Categories: Reviews

Fortress on the Wild Frontier

The Nameless Designer
Self Published
Heroes of Adventure

Someone suggested this. Hrumph!

The sighting and return of the great mystical comet Mithilanthor heralds a time of wild magic, which has only added to the sense of unease. At night, under the cover of darkness, shadowy humanoid creatures have been seen riding their nightmare steeds with vengeful fury on the horizon. As a heroic adventurer seeking to make your mark in the region, you will undoubtedly face a range of challenges and dangers in this volatile and unpredictable landscape.

This 64 page sandbox region describes a little keep on the borderlands between the civilized world and the Beast Man lands. It’s got its shit together, in layout and looking pretty, but is so aggressively generic and abstracted it makes me wonder what anyone was thinking in creating it. “Maybe put a keep on the borderlands and run an adventure!” 
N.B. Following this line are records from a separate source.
lemma mset_weight_lower_even_min:
  assumes "M \<in> multisets_of_size {1..2 * n} k" "k \<ge> 1" and even: "even (Min_mset M)"
  shows "mset_weight n y (add_mset (Min_mset M - 1) (M - {#Min_mset M#})) = mset_weight n y M"
proof -
  define m where "m = Min_mset M"
  have m: "m \<in># M" "m \<in> {1..2 * n}" "even m"
    using multisets_of_size_Min[OF assms(1,2)] even by (simp_all add: m_def)
  then have "m \<ge> 2"
    by (auto elim: evenE)
  have "count M (m - 1) = 0"
    using \<open>m \<ge> 2\<close> unfolding m_def by (auto simp: count_eq_zero_iff dest: Min_le[rotated])
  have letters: "m - 1 \<in> {1..2 * n}" "odd (m - 1)" "(m - 1 + 1) div 2 = m div 2"
    using m \<open>m \<ge> 2\<close> by auto
  have "count M m \<ge> 1"
    using m(1) by (simp add: Suc_le_eq)
  \<comment> \<open>moving one copy of the even minimum 2i down to i' trades a column factor y_i for a row factor y_i\<close>
  then have "letter_weight y m (count M m - 1) * letter_weight y (m - 1) 1
      = letter_weight y m (count M m) * letter_weight y (m - 1) (count M (m - 1))"
    using letters m(3) \<open>count M (m - 1) = 0\<close>
    by (cases "count M m") (simp_all add: letter_weight_def)
  moreover have "m \<noteq> m - 1"
    using \<open>m \<ge> 2\<close> by simp
  ultimately show ?thesis
    unfolding mset_weight_def m_def[symmetric]
    using m letters \<open>count M (m - 1) = 0\<close>
    by (intro prod_cong_off_pair[where a = m and b = "m - 1"]) simp_all
qed

lemma mset_weight_remove_odd_min:
  assumes "odd (Min_mset M)" "count M (Min_mset M) \<ge> 2"
  shows "mset_weight n y (M - {#Min_mset M#}) = mset_weight n y M"
  unfolding mset_weight_def
proof (intro prod.cong refl)
  fix l
  show "letter_weight y l (count (M - {#Min_mset M#}) l) = letter_weight y l (count M l)"
    using assms by (cases "l = Min_mset M") (simp_all add: letter_weight_def)
qed

lemma lower_even_min:
  assumes "M \<in> multisets_of_size {1..2 * n} k" "k \<ge> 1" "even (Min_mset M)"
  defines "L \<equiv> add_mset (Min_mset M - 1) (M - {#Min_mset M#})"
  shows "L \<in> odd_min_msets n k" "Min_mset L = Min_mset M - 1" "count L (Min_mset L) = 1"
proof -
  define m where "m = Min_mset M"
  have m: "m \<in># M" "m \<in> {1..2 * n}" "even m"
    using multisets_of_size_Min[OF assms(1,2)] assms(3) by (simp_all add: m_def)
  then have "m \<ge> 2"
    by (auto elim: evenE)
  have above: "m - 1 < x" if "x \<in># M" for x
  proof -
    have "m \<le> x"
      using that by (simp add: m_def)
    with \<open>m \<ge> 2\<close> show ?thesis by simp
  qed
  show min: "Min_mset L = Min_mset M - 1"
    unfolding L_def m_def[symmetric]
    by (intro Min_mset_add_mset_lower_bound) (meson above in_diffD less_imp_le)
  have "L \<in> multisets_of_size {1..2 * n} k"
    unfolding L_def m_def[symmetric]
    using assms(1) m \<open>m \<ge> 2\<close> by (intro add_mset_diff_in_multisets_of_size) auto
  then show "L \<in> odd_min_msets n k"
    using min m(3) \<open>m \<ge> 2\<close> by (simp add: odd_min_msets_def m_def)
  have "count M (m - 1) = 0"
    using above by (auto simp: count_eq_zero_iff)
  then show "count L (Min_mset L) = 1"
    using min by (simp add: L_def m_def)
qed

lemma raise_simple_odd_min:
  assumes "M \<in> odd_min_msets n k" "k \<ge> 1" "count M (Min_mset M) = 1"
  defines "R \<equiv> add_mset (Min_mset M + 1) (M - {#Min_mset M#})"
  shows "R \<in> multisets_of_size {1..2 * n} k - odd_min_msets n k" "Min_mset R = Min_mset M + 1"
proof -
  define m where "m = Min_mset M"
  have M: "M \<in> multisets_of_size {1..2 * n} k" "odd m"
    using assms(1) by (simp_all add: odd_min_msets_def m_def)
  have m: "m \<in># M" "m \<in> {1..2 * n}"
    using multisets_of_size_Min[OF M(1) assms(2)] by (simp_all add: m_def)
  then have "m + 1 \<in> {1..2 * n}"
    using M(2) by (cases "m = 2 * n") auto
  have "m + 1 \<le> x" if "x \<in># M - {#m#}" for x
  proof -
    have "m \<le> x"
      using in_diffD[OF that] by (simp add: m_def)
    moreover have "x \<noteq> m"
      using that assms(3) by (auto simp: in_diff_count m_def)
    ultimately show ?thesis by simp
  qed
  then show min: "Min_mset R = Min_mset M + 1"
    unfolding R_def m_def[symmetric] by (rule Min_mset_add_mset_lower_bound)
  have "R \<in> multisets_of_size {1..2 * n} k"
    unfolding R_def m_def[symmetric]
    using M(1) m \<open>m + 1 \<in> {1..2 * n}\<close> by (intro add_mset_diff_in_multisets_of_size) auto
  then show "R \<in> multisets_of_size {1..2 * n} k - odd_min_msets n k"
    using min M(2) by (simp add: odd_min_msets_def m_def)
qed

lemma sum_even_min_eq_sum_simple_odd_min:
  assumes "k \<ge> 1"
  shows "(\<Sum>M\<in>multisets_of_size {1..2 * n} k - odd_min_msets n k. mset_weight n y M)
       = (\<Sum>M | M \<in> odd_min_msets n k \<and> count M (Min_mset M) = 1. mset_weight n y M)"
proof -
  define lower :: "nat multiset \<Rightarrow> nat multiset" where
    "lower M = add_mset (Min_mset M - 1) (M - {#Min_mset M#})" for M
  define raise :: "nat multiset \<Rightarrow> nat multiset" where
    "raise M = add_mset (Min_mset M + 1) (M - {#Min_mset M#})" for M
  show ?thesis
  proof (rule sum.reindex_bij_witness[where j = lower and i = raise])
    fix M assume "M \<in> multisets_of_size {1..2 * n} k - odd_min_msets n k"
    then have M: "M \<in> multisets_of_size {1..2 * n} k" "even (Min_mset M)"
      by (auto simp: odd_min_msets_def)
    note lower = lower_even_min[OF M(1) assms M(2), folded lower_def]
    have "Min_mset M \<in># M"
      using multisets_of_size_Min[OF M(1) assms] by simp
    moreover have "1 \<le> Min_mset M" "Min_mset M \<noteq> 1"
      using multisets_of_size_Min[OF M(1) assms] M(2) by auto
    then have "Min_mset M \<ge> 2"
      by linarith
    ultimately show "raise (lower M) = M"
      using lower(2) by (simp add: raise_def) (simp add: lower_def)
    show "lower M \<in> {M. M \<in> odd_min_msets n k \<and> count M (Min_mset M) = 1}"
      using lower(1,3) by simp
    show "mset_weight n y (lower M) = mset_weight n y M"
      unfolding lower_def using M(1) assms M(2) by (rule mset_weight_lower_even_min)
  next
    fix M assume "M \<in> {M. M \<in> odd_min_msets n k \<and> count M (Min_mset M) = 1}"
    then have M: "M \<in> odd_min_msets n k" "count M (Min_mset M) = 1"
      by simp_all
    note raise = raise_simple_odd_min[OF M(1) assms M(2), folded raise_def]
    have "Min_mset M \<in># M"
      using M(1) multisets_of_size_Min(2)[OF _ assms] by (auto simp: odd_min_msets_def)
    then show "lower (raise M) = M"
      using raise(2) by (simp add: lower_def) (simp add: raise_def)
    show "raise M \<in> multisets_of_size {1..2 * n} k - odd_min_msets n k"
      by (rule raise(1))
  qed
qed

lemma sum_repeated_odd_min_eq_sum_odd_min:
  assumes "k \<ge> 2"
  shows "(\<Sum>M | M \<in> odd_min_msets n k \<and> count M (Min_mset M) \<noteq> 1. mset_weight n y M)
       = (\<Sum>M\<in>odd_min_msets n (k - 1). mset_weight n y M)"
proof (rule sum.reindex_bij_witness[where j = "\<lambda>M. M - {#Min_mset M#}"
      and i = "\<lambda>M. add_mset (Min_mset M) M"])
  fix M assume M: "M \<in> {M. M \<in> odd_min_msets n k \<and> count M (Min_mset M) \<noteq> 1}"
  define m where "m = Min_mset M"
  have m: "m \<in># M" "odd m" "count M m \<noteq> 1"
    using M multisets_of_size_Min[of M "{1..2 * n}" k] assms by (auto simp: m_def odd_min_msets_def)
  then have "count M m \<ge> 2"
    by (simp add: Suc_le_eq numeral_2_eq_2 le_neq_implies_less)
  have min: "Min_mset (M - {#m#}) = m"
  proof (rule Min_eqI)
    show "m \<in># M - {#m#}"
      using \<open>count M m \<ge> 2\<close> by (simp add: in_diff_count)
  qed (auto simp: m_def dest: in_diffD)
  show "add_mset (Min_mset (M - {#Min_mset M#})) (M - {#Min_mset M#}) = M"
    using min m(1) by (simp add: m_def[symmetric])
  show "M - {#Min_mset M#} \<in> odd_min_msets n (k - 1)"
    using M m min by (auto simp: m_def[symmetric] odd_min_msets_def multisets_of_size_def
        size_Diff_singleton dest: in_diffD)
  show "mset_weight n y (M - {#Min_mset M#}) = mset_weight n y M"
    using m(2) \<open>count M m \<ge> 2\<close> by (intro mset_weight_remove_odd_min) (simp_all add: m_def)
next
  fix M assume M: "M \<in> odd_min_msets n (k - 1)"
  have "Min_mset M \<in># M"
    using M multisets_of_size_Min[of M "{1..2 * n}" "k - 1"] assms by (auto simp: odd_min_msets_def)
  then have min: "Min_mset (add_mset (Min_mset M) M) = Min_mset M"
    by (simp add: insert_absorb)
  then show "add_mset (Min_mset M) M - {#Min_mset (add_mset (Min_mset M) M)#} = M"
    by simp
  show "add_mset (Min_mset M) M \<in> {M. M \<in> odd_min_msets n k \<and> count M (Min_mset M) \<noteq> 1}"
    using M assms min \<open>Min_mset M \<in># M\<close> by (auto simp: odd_min_msets_def multisets_of_size_def)
qed

lemma gq_single_row_recursion:
  assumes "k \<ge> 1"
  shows "gq n [k] y = 2 * gp n [k] y - (if k \<ge> 2 then gp n [k - 1] y else 0)"
proof -
  let ?w = "mset_weight n y" and ?A = "multisets_of_size {1..2 * n} k"
  let ?simple = "{M \<in> odd_min_msets n k. count M (Min_mset M) = 1}"
  and ?repeated = "{M \<in> odd_min_msets n k. count M (Min_mset M) \<noteq> 1}"
  have fin: "finite ?A"
    by (simp add: finite_multisets_of_size)
  have "gq n [k] y = sum ?w (?A - odd_min_msets n k) + sum ?w (odd_min_msets n k)"
    unfolding gq_single_row using fin
    by (intro sum.subset_diff) (auto simp: odd_min_msets_def)
  also have "sum ?w (?A - odd_min_msets n k) = sum ?w ?simple"
    using assms by (rule sum_even_min_eq_sum_simple_odd_min)
  also have "sum ?w ?simple = sum ?w (odd_min_msets n k) - sum ?w ?repeated"
  proof -
    have "finite (odd_min_msets n k)"
      using fin by (simp add: odd_min_msets_def)
    moreover have "odd_min_msets n k \<inter> {M. count M (Min_mset M) = 1} = ?simple"
      and "odd_min_msets n k - {M. count M (Min_mset M) = 1} = ?repeated"
      by auto
    ultimately show ?thesis
      using sum.Int_Diff[of "odd_min_msets n k" ?w "{M. count M (Min_mset M) = 1}"] by simp
  qed
  also have "sum ?w ?repeated = (if k \<ge> 2 then gp n [k - 1] y else 0)"
  proof (cases "k \<ge> 2")
    case True
    then show ?thesis
      using sum_repeated_odd_min_eq_sum_odd_min[OF True, of n y] gp_single_row[of "k - 1" n y] by simp
  next
    case False
    have "count M (Min_mset M) = 1" if "M \<in> odd_min_msets n k" for M
    proof -
      have "size M = 1"
        using that False assms by (simp add: odd_min_msets_def multisets_of_size_def)
      then obtain a where "M = {#a#}"
        using size_1_singleton_mset by blast
      then show ?thesis by simp
    qed
    then have "?repeated = {}"
      by auto
    then show ?thesis
      using False by (simp only: sum.empty if_False)
  qed
  finally show ?thesis
    using gp_single_row[OF assms, of n y] by simp
qed

lemma fps_nth_dbr_minus_one:
  "fps_nth (dbr (-1 :: 'a::field) k) m =
     (if k = 0 then (if m = 0 then 1 else 0) else if m = k then 2 else if m = k + 1 then -1 else 0)"
proof (cases k)
  case (Suc j)
  have "dbr (-1 :: 'a) (Suc j) = fps_X ^ Suc j + fps_X ^ Suc j - fps_X ^ Suc (Suc j)"
    by (simp add: dbr_def fgl_add_def algebra_simps fps_const_neg[symmetric] del: fps_const_neg)
  then have "dbr (-1 :: 'a) k = fps_X ^ k + fps_X ^ k - fps_X ^ (k + 1)"
    by (simp add: Suc)
  then show ?thesis
    using Suc by (simp only: fps_add_nth fps_sub_nth fps_X_power_nth) auto
qed (simp add: dbr_def)
(* Let $G^\sigma$ be an oriented graph whose underlying graph $G$ is a simple connected graph with $n$ vertices and $m$ edges. Then $$sr(G^\sigma)+\alpha(G)\geqslant 4n-2m-\sqrt{n(n-1)-2m+\tfrac{1}{4}}-\tfrac{5}{2},$$ with equality if and only if $G\cong S_n$ or $G\cong C_3$.
   Context: An oriented graph $G^\sigma$ is obtained from a simple graph $G$ by assigning a direction to each edge. Its skew-adjacency matrix $S(G^\sigma)=[s_{x,y}]$ has $s_{x,y}=1$ if there is an arc from $x$ to $y$, $s_{x,y}=-1$ if there is an arc from $y$ to $x$, and $0$ otherwise; the skew-rank $sr(G^\sigma)$ is the rank of $S(G^\sigma)$. $\alpha(G)$ is the independence number of $G$. $S_n$ denotes the star on $n$ vertices (the single vertex when $n=1$) and $C_3$ the triangle. *)

theory Defs
  imports "HOL-Analysis.Analysis"
begin

text \<open>An oriented graph on the finite vertex type 'n is given by its arc relation D
  (D x y means an arc from x to y). It is oriented: no pair carries arcs in both
  directions (this also forces irreflexivity, i.e. no loops).\<close>

definition oriented :: "('n \<Rightarrow> 'n \<Rightarrow> bool) \<Rightarrow> bool" where
  "oriented D \<longleftrightarrow> (\<forall>x y. D x y \<longrightarrow> \<not> D y x)"

definition underlying :: "('n \<Rightarrow> 'n \<Rightarrow> bool) \<Rightarrow> 'n \<Rightarrow> 'n \<Rightarrow> bool" where
  "underlying D x y \<longleftrightarrow> D x y \<or> D y x"

definition skew_adj :: "('n::finite \<Rightarrow> 'n \<Rightarrow> bool) \<Rightarrow> real^'n^'n" where
  "skew_adj D = (\<chi> x y. if D x y then 1 else if D y x then -1 else 0)"

definition skew_rank :: "('n::finite \<Rightarrow> 'n \<Rightarrow> bool) \<Rightarrow> nat" where
  "skew_rank D = rank (skew_adj D)"

text \<open>Graphs on the whole (finite) vertex type, given by symmetric irreflexive E.\<close>
definition connected_graph :: "('n \<Rightarrow> 'n \<Rightarrow> bool) \<Rightarrow> bool" where
  "connected_graph E \<longleftrightarrow> (\<forall>x y. E\<^sup>*\<^sup>* x y)"

definition num_edges :: "('n \<Rightarrow> 'n \<Rightarrow> bool) \<Rightarrow> nat" where
  "num_edges E = card {{x, y} | x y. E x y}"

definition independent_set :: "('n \<Rightarrow> 'n \<Rightarrow> bool) \<Rightarrow> 'n set \<Rightarrow> bool" where
  "independent_set E S \<longleftrightarrow> (\<forall>x\<in>S. \<forall>y\<in>S. \<not> E x y)"

definition independence_number :: "('n::finite \<Rightarrow> 'n \<Rightarrow> bool) \<Rightarrow> nat" where
  "independence_number E = Max {card S | S. independent_set E S}"

definition graph_iso :: "('n \<Rightarrow> 'n \<Rightarrow> bool) \<Rightarrow> 'b set \<Rightarrow> ('b \<Rightarrow> 'b \<Rightarrow> bool) \<Rightarrow> bool" where
  "graph_iso E V' E' \<longleftrightarrow> (\<exists>f. bij_betw f UNIV V' \<and> (\<forall>x y. E x y \<longleftrightarrow> E' (f x) (f y)))"

text \<open>Star S_k on vertex set {0..<k} with centre 0 (single vertex when k = 1).\<close>
definition star_graph :: "nat \<Rightarrow> nat \<Rightarrow> bool" where
  "star_graph i j \<longleftrightarrow> i \<noteq> j \<and> (i = 0 \<or> j = 0)"

text \<open>Triangle C_3 on vertex set {0..<3}.\<close>
definition triangle_graph :: "nat \<Rightarrow> nat \<Rightarrow> bool" where
  "triangle_graph i j \<longleftrightarrow> i \<noteq> j"

end

(* Writing c for the number of components, every oriented graph satisfies
   sr + 2 alpha + 2m + 2c >= 4n. This is proved for all induced subgraphs at once by induction,
   deleting the end v of a longest path: v is isolated, or pendant (then delete its neighbour
   too, which lowers the skew rank by 2), or all its neighbours lie on the path, so that v
   has at least two neighbours but no component disappears.
   For connected G this gives sr + alpha >= 4n - 2m - 2 - alpha. Counting non-adjacent pairs
   gives alpha (alpha - 1) <= n (n - 1) - 2m, i.e. alpha <= 1/2 + sqrt (n (n - 1) - 2m + 1/4),
   and the bound follows. Equality forces both estimates to be tight: G is a complete split
   graph over a maximum independent set, and the first equation leaves only the star and
   the triangle. *)

theory Submission
  imports Defs "HOL-Combinatorics.Transposition"
begin

section \<open>Skew rank of induced subgraphs\<close>

lemma skew_adj_entry:
  "skew_adj D $ i $ j = (if D i j then 1 else if D j i then -1 else 0)"
  by (simp add: skew_adj_def)

lemma skew_adj_nonzero_iff:
  "oriented D \<Longrightarrow> skew_adj D $ i $ j \<noteq> 0 \<longleftrightarrow> underlying D i j"
  by (auto simp: skew_adj_entry underlying_def oriented_def)

lemma transpose_skew_adj:
  "oriented D \<Longrightarrow> transpose (skew_adj D) = (\<chi> i. (-1) *s skew_adj D $ i)"
  by (auto simp: vec_eq_iff transpose_def skew_adj_entry oriented_def)

lemma skew_rank_less_card_if_odd:
  fixes D :: "'n::finite \<Rightarrow> 'n \<Rightarrow> bool"
  assumes "oriented D" and "odd CARD('n)"
  shows "skew_rank D < CARD('n)"
proof -
  have "det (skew_adj D) = det (transpose (skew_adj D))"
    by simp
  also have "\<dots> = (-1) ^ CARD('n) * det (skew_adj D)"
    unfolding transpose_skew_adj[OF assms(1)] det_rows_mul by simp
  also have "\<dots> = - det (skew_adj D)"
    using assms(2) by simp
  finally have "det (skew_adj D) = 0"
    by simp
  then show ?thesis
    by (simp add: skew_rank_def det_eq_0_rank)
qed

text \<open>The skew rank of the subgraph induced by S is the rank of the principal submatrix on S,
  computed from its rows padded with zeros outside S.\<close>

definition induced_row :: "('n::finite \<Rightarrow> 'n \<Rightarrow> bool) \<Rightarrow> 'n set \<Rightarrow> 'n \<Rightarrow> real^'n" where
  "induced_row D S i = (\<chi> j. if j \<in> S then skew_adj D $ i $ j else 0)"

definition induced_skew_rank :: "('n::finite \<Rightarrow> 'n \<Rightarrow> bool) \<Rightarrow> 'n set \<Rightarrow> nat" where
  "induced_skew_rank D S = dim (induced_row D S ` S)"

lemma induced_skew_rank_UNIV: "induced_skew_rank D UNIV = skew_rank D"
proof -
  have "induced_row D UNIV ` UNIV = rows (skew_adj D)"
    by (auto simp: induced_row_def rows_def row_def vec_eq_iff)
  then show ?thesis
    by (simp add: induced_skew_rank_def skew_rank_def row_rank_def)
qed

definition restrict_vec :: "'n set \<Rightarrow> real^'n \<Rightarrow> real^'n" where
  "restrict_vec S x = (\<chi> j. if j \<in> S then x $ j else 0)"

lemma linear_restrict_vec: "linear (restrict_vec S)"
  by (rule linearI) (auto simp: restrict_vec_def vec_eq_iff)

lemma induced_skew_rank_mono:
  assumes "S \<subseteq> T"
  shows "induced_skew_rank D S \<le> induced_skew_rank D T"
proof -
  have "induced_row D S ` S = restrict_vec S ` induced_row D T ` S"
    using assms by (auto simp: induced_row_def restrict_vec_def vec_eq_iff image_image intro!: image_cong)
  also have "dim \<dots> \<le> dim (induced_row D T ` S)"
    by (rule dim_image_le[OF linear_restrict_vec])
  also have "\<dots> \<le> dim (induced_row D T ` T)"
    using assms by (intro dim_subset) auto
  finally show ?thesis
    by (simp add: induced_skew_rank_def)
qed

lemma span_component_eq_0:
  fixes A :: "(real^'n::finite) set"
  assumes "\<forall>x\<in>A. x $ u = 0" and "y \<in> span A"
  shows "y $ u = 0"
proof -
  have "subspace {x::real^'n. x $ u = 0}"
    by (auto simp: subspace_def)
  then have "span A \<subseteq> {x. x $ u = 0}"
    using assms(1) by (intro span_minimal) auto
  then show ?thesis
    using assms(2) by auto
qed

text \<open>Deleting a pendant vertex v and its neighbour u lowers the rank by 2: the row of v is
  a multiple of the unit vector at u, which clears column u from the other rows, and the
  row of u is the only one left with a nonzero entry in column v.\<close>

lemma induced_skew_rank_remove_pendant:
  fixes D :: "'n::finite \<Rightarrow> 'n \<Rightarrow> bool"
  assumes ori: "oriented D" and S: "u \<in> S" "v \<in> S" and uv: "underlying D v u"
    and pendant: "\<forall>y\<in>S. underlying D v y \<longrightarrow> y = u"
  shows "induced_skew_rank D (S - {u, v}) + 2 \<le> induced_skew_rank D S"
proof -
  define M where "M = skew_adj D"
  define T where "T = S - {u, v}"
  define e where "e = (axis u 1 :: real^'n)"
  define R where "R = induced_row D S ` S"
  have "u \<noteq> v"
    using uv ori by (auto simp: underlying_def oriented_def)
  have Mvu: "M $ v $ u \<noteq> 0"
    using skew_adj_nonzero_iff[OF ori] uv by (simp add: M_def)
  have M0: "M $ i $ j = 0" if "\<not> underlying D i j" for i j
    using skew_adj_nonzero_iff[OF ori, of i j] that by (simp add: M_def)
  have row_v: "induced_row D S v = (M $ v $ u) *\<^sub>R e"
    using S pendant M0 by (auto simp: vec_eq_iff induced_row_def e_def M_def axis_def)
  have row_T: "induced_row D T i = induced_row D S i - (M $ i $ u / M $ v $ u) *\<^sub>R induced_row D S v"
    if "i \<in> T" for i
  proof -
    have "M $ i $ v = 0"
      using that pendant M0[of i v] by (auto simp: underlying_def T_def)
    then show ?thesis
      using Mvu S unfolding row_v
      by (auto simp: vec_eq_iff induced_row_def T_def M_def e_def axis_def)
  qed
  have "induced_row D S v \<in> span R"
    using S by (auto simp: R_def intro: span_base)
  then have "e \<in> span R"
    using span_mul[of "induced_row D S v" R "1 / M $ v $ u"] Mvu by (simp add: row_v)
  moreover have "induced_row D T ` T \<subseteq> span R"
  proof
    fix r assume "r \<in> induced_row D T ` T"
    then obtain i where "i \<in> T" "r = induced_row D T i" by auto
    moreover have "induced_row D S i \<in> span R"
      using \<open>i \<in> T\<close> by (auto simp: R_def T_def intro: span_base)
    ultimately show "r \<in> span R"
      using row_T \<open>induced_row D S v \<in> span R\<close> by (simp add: span_diff span_mul)
  qed
  moreover have "induced_row D S u \<in> span R"
    using S by (auto simp: R_def intro: span_base)
  ultimately have "dim (insert (induced_row D S u) (insert e (induced_row D T ` T))) \<le> dim R"
    using dim_subset[of _ "span R"] by auto
  moreover have "e \<notin> span (induced_row D T ` T)"
    using span_component_eq_0[of "induced_row D T ` T" u e]
    by (auto simp: induced_row_def T_def e_def)
  moreover have "induced_row D S u \<notin> span (insert e (induced_row D T ` T))"
  proof
    assume "induced_row D S u \<in> span (insert e (induced_row D T ` T))"
    moreover have "\<forall>x\<in>insert e (induced_row D T ` T). x $ v = 0"
      using \<open>u \<noteq> v\<close> by (auto simp: induced_row_def T_def e_def axis_def)
    ultimately have "induced_row D S u $ v = 0"
      using span_component_eq_0 by blast
    then show False
      using S uv skew_adj_nonzero_iff[OF ori, of u v] by (auto simp: induced_row_def underlying_def)
  qed
  ultimately show ?thesis
    by (simp add: dim_insert induced_skew_rank_def T_def R_def)
qed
Ah, and adventure! You start at the Central Station and follow the river … err, no. But, the Keep and the mythos of Central Station continue to pull at us all, eh? The very borders of the civilized world, with a Keep there as a base, and the Marlows setting off for their fortunes and adventure! 

We’ve go a borderlands region, with woods, hills and so on. There’s this river with an old stone bridge over it, marking the owned lands to the west and the wildlands to the east. Up on a hilltop we’ve got a keep with its retired adventurer ruler. To the west of the bridge we’ve got a dozen or so sites to look in to and to the east, across the river … three. So, much of what you’ll be exploring and fucking with is IN the civilized lands. This strikes me as fucking weird. The lands over the river have some elves (“the wild folk”) and one small ruin and the Beastmen. And that’s it. So, we’re not really fucking around with those great black parts of the map that note Here There Be Dragons and doing some points of light. We’re instead talking to a villager who is paying moderate taxes to the local lord who is also an ok dude. 

There are some VERY basic rules for clearing hexes and generating some action for each of those hexes. Let’s see, I rolled bears, and overabundance of, and ruins. GO do something with that. Sure. The table is just a bit small though, for, what, two thirds of a double page map? And the same could be said for the wanderer table, which is WOEFULLY small AND overspecific. for a region of this size.

I’m getting ahead of myself. I layout here is professional. Nice two page spreads, decently evocative art, and a nice use of bullets and whitespace and bolding, even if long sections of italics appear to the detriment of quick scanning. Also nice is a little overview of a few major plotlines, like the beastman invasion or an incursion from the Shadowrealm. Little timeline like things, as well as a mundane-ish leaning event generator for the Keep. Trade Goods arriving! Oh, they are full of disease. Let me rif on that …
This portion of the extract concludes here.